Not included in the foregoing is the cost to Ontario Power Generation (OPG) who are often told to “spill” cheap clean hydroelectric generation and receive no compensation. Unfortunately no information is available to calculate what that cost is, despite the efforts of the writer and other critics, but one must assume it would be significant. Likewise Bruce Power who operate “flexible” nuclear plants are forced to “steam off” or “steam bypass” nuclear production, and are paid for that lost production but the cost to the ratepayers is an unknown. The assumption is that it is a large amount. Additionally the cost of those transmission lines built by Hydro One to deliver that wind (and solar) power is a significant amount but again the costs related to wind production hookup and transmission is not quantifiable as Hydro One do not break down their capital costs to identify monies spent to hook up renewables. Nevertheless with annual capital expenditures of about $1.5 billion it is safe to assume the monies spent supporting the wind segment are significant.
So let’s look at some facts that we can point to:
- Wind supplied 4.6 TWh of Ontario’s total generation in 2012 which was 3% of total generation of 151.8 TWh supplied by all power operators.
- Ontario exported 14.6 TWh in 2012 or 3.2 times the power wind generated, meaning Ontario did not need this power.
- Wind required back-up generation (primarily gas) for the 71% of the time wind turbines produced zero (0) electricity and during the 29% of the time those gas plants sat idle they were paid $15,000 per MW/per Month (Net Revenue Requirement) meaning it cost Ontario ratepayers $90 million. NB: A 500 MW gas plant could have produced that 4.6 TWh but for sitting idle were paid $90 million (500 MW X $15,000 X 12 months = $90 million).
- The 4.6 TWh of electricity if provided by the coal generation plants could have produced the same power at a cost of $111 million (4.6 TWh X $24.1 million per TWh = $111 million) instead of the $614 million (4.6 TWh X $135 million per TWh) that the wind production cost.
- If the back-up gas generation costs of $90 million are added to the excess (over HOEP) costs of wind the total costs to the ratepayers in 2012 was $593 million or 9.2% of the total Global Adjustment (GA) pot of $6.455 billion which was $1.146 billion higher then the 2011 GA total.
To summarize; Ontario’s industrial wind turbines produced 3% of total generation and the bulk of that production was exported.
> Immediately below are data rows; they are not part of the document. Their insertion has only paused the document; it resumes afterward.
(* Fix $b\in\mathbb{N}$. Any $b$-pattern $P$ consisting of crosses and exactly one circle is realizable in $L=\mathbb{N}\times\mathbb{N}$. Consequently, the graph $G_b$ is not connected.
   Context: For $r,s\in\mathbb{N}$, $\gcd_b(r,s)=\max\{k\in\mathbb{N} : k\mid r \text{ and } k^b\mid s\}$; a point $(r,s)\in L$ is $b$-visible if $\gcd_b(r,s)=1$ and $b$-invisible otherwise. A $b$-pattern $P$ is obtained by choosing a positive integer $w$ and assigning to each $(r,s)\in L$ with $1\le r\le w$, $1\le s\le w^b$ either a cross, a circle, or neither. $P$ is realizable in $L$ if there is $(u,v)\in L$ such that $(u+r,v+s)$ is $b$-visible for every circle $(r,s)$ of $P$ and $b$-invisible for every cross $(r,s)$ of $P$. The graph $G_b$ has as vertices the $b$-visible points of $L$, with an edge between two such points whenever their Euclidean distance is $1$. *)

theory Defs
  imports Complex_Main
begin

text \<open>Here \<open>\<nat>\<close> denotes the positive integers, so L = {(r,s). r \<ge> 1 \<and> s \<ge> 1}.\<close>

definition inL :: "nat \<times> nat \<Rightarrow> bool" where
  "inL p \<longleftrightarrow> fst p \<ge> 1 \<and> snd p \<ge> 1"

definition gcd_b :: "nat \<Rightarrow> nat \<Rightarrow> nat \<Rightarrow> nat" where
  "gcd_b b r s = Max {k. k \<ge> 1 \<and> k dvd r \<and> k ^ b dvd s}"

definition b_visible :: "nat \<Rightarrow> nat \<times> nat \<Rightarrow> bool" where
  "b_visible b p \<longleftrightarrow> inL p \<and> gcd_b b (fst p) (snd p) = 1"

definition b_invisible :: "nat \<Rightarrow> nat \<times> nat \<Rightarrow> bool" where
  "b_invisible b p \<longleftrightarrow> inL p \<and> gcd_b b (fst p) (snd p) \<noteq> 1"

definition b_pattern :: "nat \<Rightarrow> nat \<Rightarrow> (nat \<times> nat) set \<Rightarrow> (nat \<times> nat) set \<Rightarrow> bool" where
  "b_pattern b w circles crosses \<longleftrightarrow> w \<ge> 1 \<and> circles \<inter> crosses = {} \<and>
     (\<forall>(r,s) \<in> circles \<union> crosses. 1 \<le> r \<and> r \<le> w \<and> 1 \<le> s \<and> s \<le> w ^ b)"

definition realizable :: "nat \<Rightarrow> (nat \<times> nat) set \<Rightarrow> (nat \<times> nat) set \<Rightarrow> bool" where
  "realizable b circles crosses \<longleftrightarrow> (\<exists>u v. inL (u, v) \<and>
     (\<forall>(r,s) \<in> circles. b_visible b (u + r, v + s)) \<and>
     (\<forall>(r,s) \<in> crosses. b_invisible b (u + r, v + s)))"

definition edist :: "nat \<times> nat \<Rightarrow> nat \<times> nat \<Rightarrow> real" where
  "edist p q = sqrt ((real (fst p) - real (fst q))\<^sup>2 + (real (snd p) - real (snd q))\<^sup>2)"

definition G_adj :: "nat \<Rightarrow> nat \<times> nat \<Rightarrow> nat \<times> nat \<Rightarrow> bool" where
  "G_adj b p q \<longleftrightarrow> b_visible b p \<and> b_visible b q \<and> edist p q = 1"

definition G_connected :: "nat \<Rightarrow> bool" where
  "G_connected b \<longleftrightarrow> (\<forall>p q. b_visible b p \<and> b_visible b q \<longrightarrow> (G_adj b)\<^sup>*\<^sup>* p q)"

end

(* Give every cross (r, s) its own prime p larger than the width w of the pattern.  The Chinese
   remainder theorem yields u with p dvd u + r and v with p^b dvd v + s, which makes every cross
   b-invisible.  The circle (r0, s0) cannot share such a prime with a cross: all coordinates of the
   window are smaller than p and p^b, so the congruences would force (r, s) = (r0, s0).  Every other
   prime q dividing u + r0 is handled by adding v + s0 = 1 (mod q) to the system for v.
   Realizing the circle (2, 2) surrounded by four crosses produces an isolated vertex of G_b,
   distinct from the b-visible point (1, 1). *)
theory Submission
  imports Defs "HOL-Number_Theory.Cong" "HOL-Library.Countable"
begin

lemma finite_gcd_b_candidates:
  "(r :: nat) \<ge> 1 \<Longrightarrow> finite {k. k \<ge> 1 \<and> k dvd r \<and> k ^ b dvd s}"
  by (rule finite_subset[of _ "{..r}"]) (auto intro!: dvd_imp_le)

lemma gcd_b_eq_1_iff:
  assumes "r \<ge> 1"
  shows "gcd_b b r s = 1 \<longleftrightarrow> (\<forall>p. prime p \<longrightarrow> p dvd r \<longrightarrow> \<not> p ^ b dvd s)"
proof
  assume gcd1: "gcd_b b r s = 1"
  show "\<forall>p. prime p \<longrightarrow> p dvd r \<longrightarrow> \<not> p ^ b dvd s"
  proof (intro allI impI notI)
    fix p :: nat assume "prime p" "p dvd r" "p ^ b dvd s"
    then have "p \<le> gcd_b b r s"
      unfolding gcd_b_def using finite_gcd_b_candidates[OF assms]
      by (intro Max_ge) (auto simp: prime_gt_0_nat Suc_le_eq)
    moreover have "p > 1" using \<open>prime p\<close> by (rule prime_gt_1_nat)
    ultimately show False using gcd1 by simp
  qed
next
  assume no_prime: "\<forall>p. prime p \<longrightarrow> p dvd r \<longrightarrow> \<not> p ^ b dvd s"
  define k where "k = gcd_b b r s"
  have "k \<in> {k. k \<ge> 1 \<and> k dvd r \<and> k ^ b dvd s}"
    unfolding k_def gcd_b_def using finite_gcd_b_candidates[OF assms, of b s]
    by (intro Max_in) auto
  then have k: "k dvd r" "k ^ b dvd s" by auto
  show "gcd_b b r s = 1"
  proof (rule ccontr)
    assume "gcd_b b r s \<noteq> 1"
    then obtain p where "prime p" "p dvd k" using prime_factor_nat k_def by blast
    with k no_prime show False by (meson dvd_power_same dvd_trans)
  qed
qed
lemma tdeg_bounded_cofactor_jacobian:
  fixes f :: "nat \<Rightarrow> 'a::comm_ring_1 mpoly"
  assumes "j < n"
  shows "wdeg_bounded (\<lambda>_. 1) ((\<Sum>r<n. tdeg (f r)) - int n - tdeg (f j) + 1)
           (cofactor (jacobian_mat n f) j i)"
proof -
  let ?e = "\<lambda>r. tdeg (f r) - 1"
  have "wdeg_bounded (\<lambda>_. 1) (\<Sum>r<n-1. ?e (insert_index j r)) (det (mat_delete (jacobian_mat n f) j i))"
  proof (rule wdeg_bounded_det)
    show "mat_delete (jacobian_mat n f) j i \<in> carrier_mat (n - 1) (n - 1)"
      by (rule mat_delete_carrier) (simp add: jacobian_mat_def)
    fix r c assume "r < n - 1" "c < n - 1"
    then have "mat_delete (jacobian_mat n f) j i $$ (r, c) = pderiv_var (insert_index i c) (f (insert_index j r))"
      by (simp add: mat_delete_def jacobian_mat_def insert_index_def)
    then show "wdeg_bounded (\<lambda>_. 1) (?e (insert_index j r)) (mat_delete (jacobian_mat n f) j i $$ (r, c))"
      using wdeg_bounded_pderiv_var[OF wdeg_bounded_wdeg[of "\<lambda>_. 1" "f (insert_index j r)"],
          of "insert_index i c"]
      by (simp add: tdeg_def)
  qed
  moreover have "(\<Sum>r<n-1. ?e (insert_index j r)) = (\<Sum>r<n. tdeg (f r)) - int n - tdeg (f j) + 1"
  proof -
    have "(\<Sum>r<n-1. ?e (insert_index j r)) = (\<Sum>r\<in>insert_index j ` {0..<n-1}. ?e r)"
      by (simp add: sum.reindex[OF insert_index_inj_on] lessThan_atLeast0)
    also have "\<dots> = (\<Sum>r\<in>{0..<n} - {j}. ?e r)"
      using insert_index_image[of j "n - 1"] assms by simp
    also have "\<dots> = (\<Sum>r<n. tdeg (f r)) - int n - tdeg (f j) + 1"
      using assms by (simp add: sum_diff1 lessThan_atLeast0 sum_subtractf)
    finally show ?thesis .
  qed
  ultimately have "wdeg_bounded (\<lambda>_. 1) ((\<Sum>r<n. tdeg (f r)) - int n - tdeg (f j) + 1)
      (det (mat_delete (jacobian_mat n f) j i))"
    by simp
  from wdeg_bounded_mult[OF wdeg_bounded_of_int[of _ "(-1) ^ (j + i)"] this] show ?thesis
    by (simp add: cofactor_def)
qed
The 3% it generated cost Ontario’s ratepayers 9.2% of the total Global Adjustment or $593 million. The $593 million in costs represents an increase of $130 per annum for the average Ontario ratepayer producing NO BENEFITS.
That $593 million found its way to ratepayers electricity bills and then became taxable with another $77 million removed from ratepayers pockets as taxes through the application of the HST.
The Liberals have managed, through their energy policies, a situation that will see the waste highlighted above, repeat itself again and again for the next 20 years or longer. It makes the scandals of e-health, Ornge and the gas plant moves look small in comparison.